Individuals and consumers
- You must get clear information to consent. You can withdraw consent later.
- You can ask if an organization has your personal information, how it is used, and to whom it was disclosed. You can request access and corrections.
- You must be told about certain data breaches that create a real risk of significant harm (like identity theft or financial loss).
- If an automated system made a decision about you that has a legal or similarly significant effect (for example, a loan denial), you can ask for an explanation and submit written arguments to a human reviewer at the organization.
- You can ask an organization to dispose of your personal information in set situations (for example, if consent was withdrawn or the data is no longer needed), with some exceptions.
- Data portability: you may be able to direct one organization to send your data to another when the government has set up a data mobility framework for that sector.
- Children’s information is treated as sensitive. A parent or guardian can exercise rights for a child, unless the child is capable and wants to act for themselves.
Employees in federally regulated workplaces (banks, airlines, telecoms, etc.)
- Your employer may collect, use, or disclose your personal information without consent if necessary to establish, manage, or end your employment and if you are informed.
Businesses and other organizations engaged in commercial activities
- You must designate a privacy lead and maintain a privacy management program (policies, training, complaint handling, and public explanations of your practices).
- Collect only what is necessary for stated purposes and record those purposes before collecting. Use plain language for consent, identify third parties, and avoid bundled consent beyond what is necessary to deliver the product or service.
- You may rely on certain no‑consent grounds (for example, necessary business activities, specified legitimate interests after an assessment and risk mitigation, internal research on de‑identified data, transfers to service providers, emergencies, fraud prevention, or legal requests). Some activities are restricted (for example, using address‑harvesting tools or unlawfully accessing computer systems).
- Before disclosing or transferring personal information outside Canada, conduct a privacy impact assessment and mitigate risks (for example, contracts or approved codes/certifications).
- Put in place physical, organizational, and technological safeguards proportionate to sensitivity, keep breach records, report qualifying breaches to the Commission, notify affected individuals, and ensure service providers offer equivalent protection by contract.
- Be transparent about your use of automated decision systems that could significantly affect people, cross‑border transfers, and retention periods for sensitive data.

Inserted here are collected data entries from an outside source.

section \<open>The level-set condition via the layer-cake principle\<close>

lemma sum_interval_lengths_mono:
  fixes c lo hi :: "'i \<Rightarrow> real" and d lo' hi' :: "'j \<Rightarrow> real"
  assumes "finite I" "finite J"
    and "\<And>s. (\<Sum>i\<in>I. c i * indicator {lo i<..hi i} s) \<le> (\<Sum>j\<in>J. d j * indicator {lo' j<..hi' j} s)"
  shows "(\<Sum>i\<in>I. c i * max 0 (hi i - lo i)) \<le> (\<Sum>j\<in>J. d j * max 0 (hi' j - lo' j))"
proof -
  have integrable: "integrable lborel (indicator {a<..b} :: real \<Rightarrow> real)" for a b :: real
    by (cases "a \<le> b") (auto intro: integrable_real_indicator)
  have length: "measure lborel {a<..b} = max 0 (b - a)" for a b :: real
    by (cases "a \<le> b") auto
  have "(\<Sum>i\<in>I. c i * max 0 (hi i - lo i)) = (LINT s|lborel. (\<Sum>i\<in>I. c i * indicator {lo i<..hi i} s))"
    by (subst Bochner_Integration.integral_sum) (auto simp: integrable length)
  also have "\<dots> \<le> (LINT s|lborel. (\<Sum>j\<in>J. d j * indicator {lo' j<..hi' j} s))"
    by (rule Bochner_Integration.integral_mono) (auto simp: integrable assms(3))
  also have "\<dots> = (\<Sum>j\<in>J. d j * max 0 (hi' j - lo' j))"
    by (subst Bochner_Integration.integral_sum) (auto simp: integrable length)
  finally show ?thesis .
qed

lemma cut_weight_eq_restricted_sum:
  assumes "finite U" "S \<subseteq> U"
  shows "cut_weight w S T = (\<Sum>u\<in>U. \<Sum>v\<in>T. of_bool (u \<in> S) * w u v)"
proof -
  have "cut_weight w S T = (\<Sum>u\<in>U \<inter> S. \<Sum>v\<in>T. w u v)"
    unfolding cut_weight_def using assms(2) by (simp add: Int_absorb1)
  then show ?thesis using assms(1) by (simp add: sum.inter_restrict sum_distrib_left[symmetric])
qed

Respond to access requests within 30 days (with limited extensions).
- Non‑compliance risks orders, audits, administrative penalties (up to the greater of $10 million or 3% of global revenue per investigation), and potential criminal fines for knowing offences or obstruction (up to the greater of $25 million or 5% of global revenue). Individuals may sue after a regulator’s contravention finding.
- Approved codes of practice and certification programs may be available, but they do not replace your legal duties.
Service providers (including affiliates and contractors)
- You must notify the controlling organization of any breach you detect. If you use data for any purpose other than the one you received it for, you assume full obligations under the Act.
Journalistic, artistic, or literary activities
- Collection and use solely for these purposes are exempt.